Guest opinion: Proposed BLM land exchange a good deal for all recreationalists

2014-04-17T00:00:00Z 2014-04-28T13:01:14Z Guest opinion: Proposed BLM land exchange a good deal for all recreationalistsBy JOHN BRENDEN The Billings Gazette
April 17, 2014 12:00 am  • 

Montana outdoor enthusiasts have it pretty good. With over 32 million acres of state and federal land open to all sorts of recreational opportunities, we truly are an outdoors mecca.

Most of that public property has ample access, but some is landlocked and accessible only by obtaining permission from an adjoining landowner, or in some cases by flying or boating in.

The Montana Legislature; Fish, Wildlife and Parks, Bureau of Land Management, and other agencies have all been challenged with finding new ways to increase access to landlocked public land. Various economic incentives, like tax breaks, have been introduced to encourage landowners to allow access across their property.

But the best solution proven to work is land exchanges where a landlocked public parcel is traded to an adjoining landowner for a private parcel of roughly equal value. Land exchanges are a big win for the public due to the improved access they bring, and an equal win for the landowner trying to make their operation more efficient.

The only downside to land exchanges is their rarity due to the difficulty in identifying parcels of equal value. So when an opportunity for a land exchange does come along, it deserves a close look.

Access to Breaks

The BLM recently announced such a rare opportunity to obtain 5,252 acres that would give access to 50,000 acres of public land in the Upper Missouri River Breaks National Monument via Bullwhacker Road. An additional easement through Powell Road would improve access to 10,000 public acres in the Big Snowy Mountains.

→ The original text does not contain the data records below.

(* $\displaystyle \frac{S_n}{n\log n}\to 1$ in distribution (equivalently, in probability) with respect to $\lambda$, as $n\to\infty$.
   Context: Let $\lambda$ be Lebesgue measure on $[0,1)$, $\tau(x)=2x\bmod 1$ the doubling map, $\chi(x)=\lfloor 1/x\rfloor$ (with $\chi(0)=\infty$), $a_n=\chi\circ\tau^{n-1}$ and $S_n=\sum_{k=1}^n a_k$. *)

theory Defs
  imports "HOL-Analysis.Analysis"
begin

definition tau :: "real \<Rightarrow> real" where
  "tau x = frac (2 * x)"

definition chi :: "real \<Rightarrow> ereal" where
  "chi x = (if x = 0 then \<infinity> else ereal (real_of_int \<lfloor>1 / x\<rfloor>))"

definition digit :: "nat \<Rightarrow> real \<Rightarrow> ereal" where
  "digit n x = chi ((tau ^^ (n - 1)) x)"

definition Ssum :: "nat \<Rightarrow> real \<Rightarrow> ereal" where
  "Ssum n x = (\<Sum>k = 1..n. digit k x)"

end

theory Submission
  imports Defs "HOL-Real_Asymp.Real_Asymp"
begin

text \<open>Truncate the digits at level \<open>N = n sqrt (ln n)\<close>: with probability at most \<open>n / N\<close> one of
  \<open>a\<^sub>1, \<dots>, a\<^sub>n\<close> exceeds \<open>N\<close>, and otherwise \<open>S\<^sub>n\<close> is the Birkhoff sum of the truncated digit
  \<open>f\<^sub>N = min N \<chi>\<close>, whose mean is \<open>ln N + O(1)\<close>. The transfer operator of the doubling map averages
  over the two preimages, so its \<open>j\<close>-th power averages over \<open>2\<^sup>j\<close> dyadic translates; for a
  decreasing \<open>0 \<le> f \<le> N\<close> this exceeds the mean of \<open>f\<close> by at most \<open>N / 2\<^sup>j\<close>. The resulting
  exponential decay of correlations bounds the variance of the Birkhoff sum by \<open>O(n N ln N)\<close>,
  which is \<open>o((n ln n)\<^sup>2)\<close>, and Chebyshev's inequality concludes.\<close>

section \<open>The doubling map\<close>

lemma tau_measurable [measurable]: "tau \<in> borel_measurable borel"
  unfolding tau_def frac_def by measurable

That would be in exchange for equal-valued, noncontiguous parcels totaling 4,868 acres of landlocked public property, a portion of which is called the Durfee Hills.

In addition to improved access, the trade is a net gain for the BLM in acreage. That’s obviously a good deal.

However, a small number of hunters currently access the landlocked Durfee Hills via aircraft, and they’d prefer to see their exclusive hunts preserved. That area is undoubtedly a great hunting opportunity if you have the means to access it, with a large elk population supported by the surrounding ranches.

They’ve argued the land in the Bullwhacker area has poorer opportunity for elk hunting. They’ve been extremely vocal in their opposition to the land exchange, even circulating a petition nationwide to get other hunters to oppose the deal.

Wilks brothers defense

Unfortunately, they’ve also resorted to personal attacks against the landowners in the deal, the Wilks brothers. As it happens, the Wilkses do allow public hunting on their ranch, with 40 area youths taking elk on their place last year and more in past years, as well as donating hunts to the Wounded Warriors project and the Rocky Mountain Elk Foundation.

What this opposition has ignored is that this land exchange isn’t just about elk — it’s about recreational opportunity for all Montanans.

Will the land exchange lead to a diminished opportunity to hunt elk? Certainly, the high-quality, fly-in-only hunting opportunity would be lost. But other opportunity will be achieved on about 60,000 acres of public land that currently does not have motorized access.

But again, land exchanges aren’t meant to benefit just one type of recreationalist. This proposed exchange is a huge net benefit to hikers, campers, birdwatchers, anglers, and on and on.

Families looking for a place for a quick day trip or weekend camp-out aren’t renting airplanes and flying in to the Durfee Hills. They would, however, be interested in driving to the Upper Missouri River Breaks National Monument or hiking on an old logging trail in the Snowy Mountains. The Bullwhacker area is also home to one of the highest quality bighorn sheep populations in North America.

Soon, the BLM will officially open public comment on the proposal, and I’m encouraging outdoors enthusiasts with different interests to make their voices count. Don’t weigh this decision on the background of the landowners, and don’t let the histrionics of a special interest group dominate the debate. This is a proposal for all Montanans, and in fact all Americans.

State Sen. John Brenden, R-Scobey, chairs the Senate Fish and Game Committee.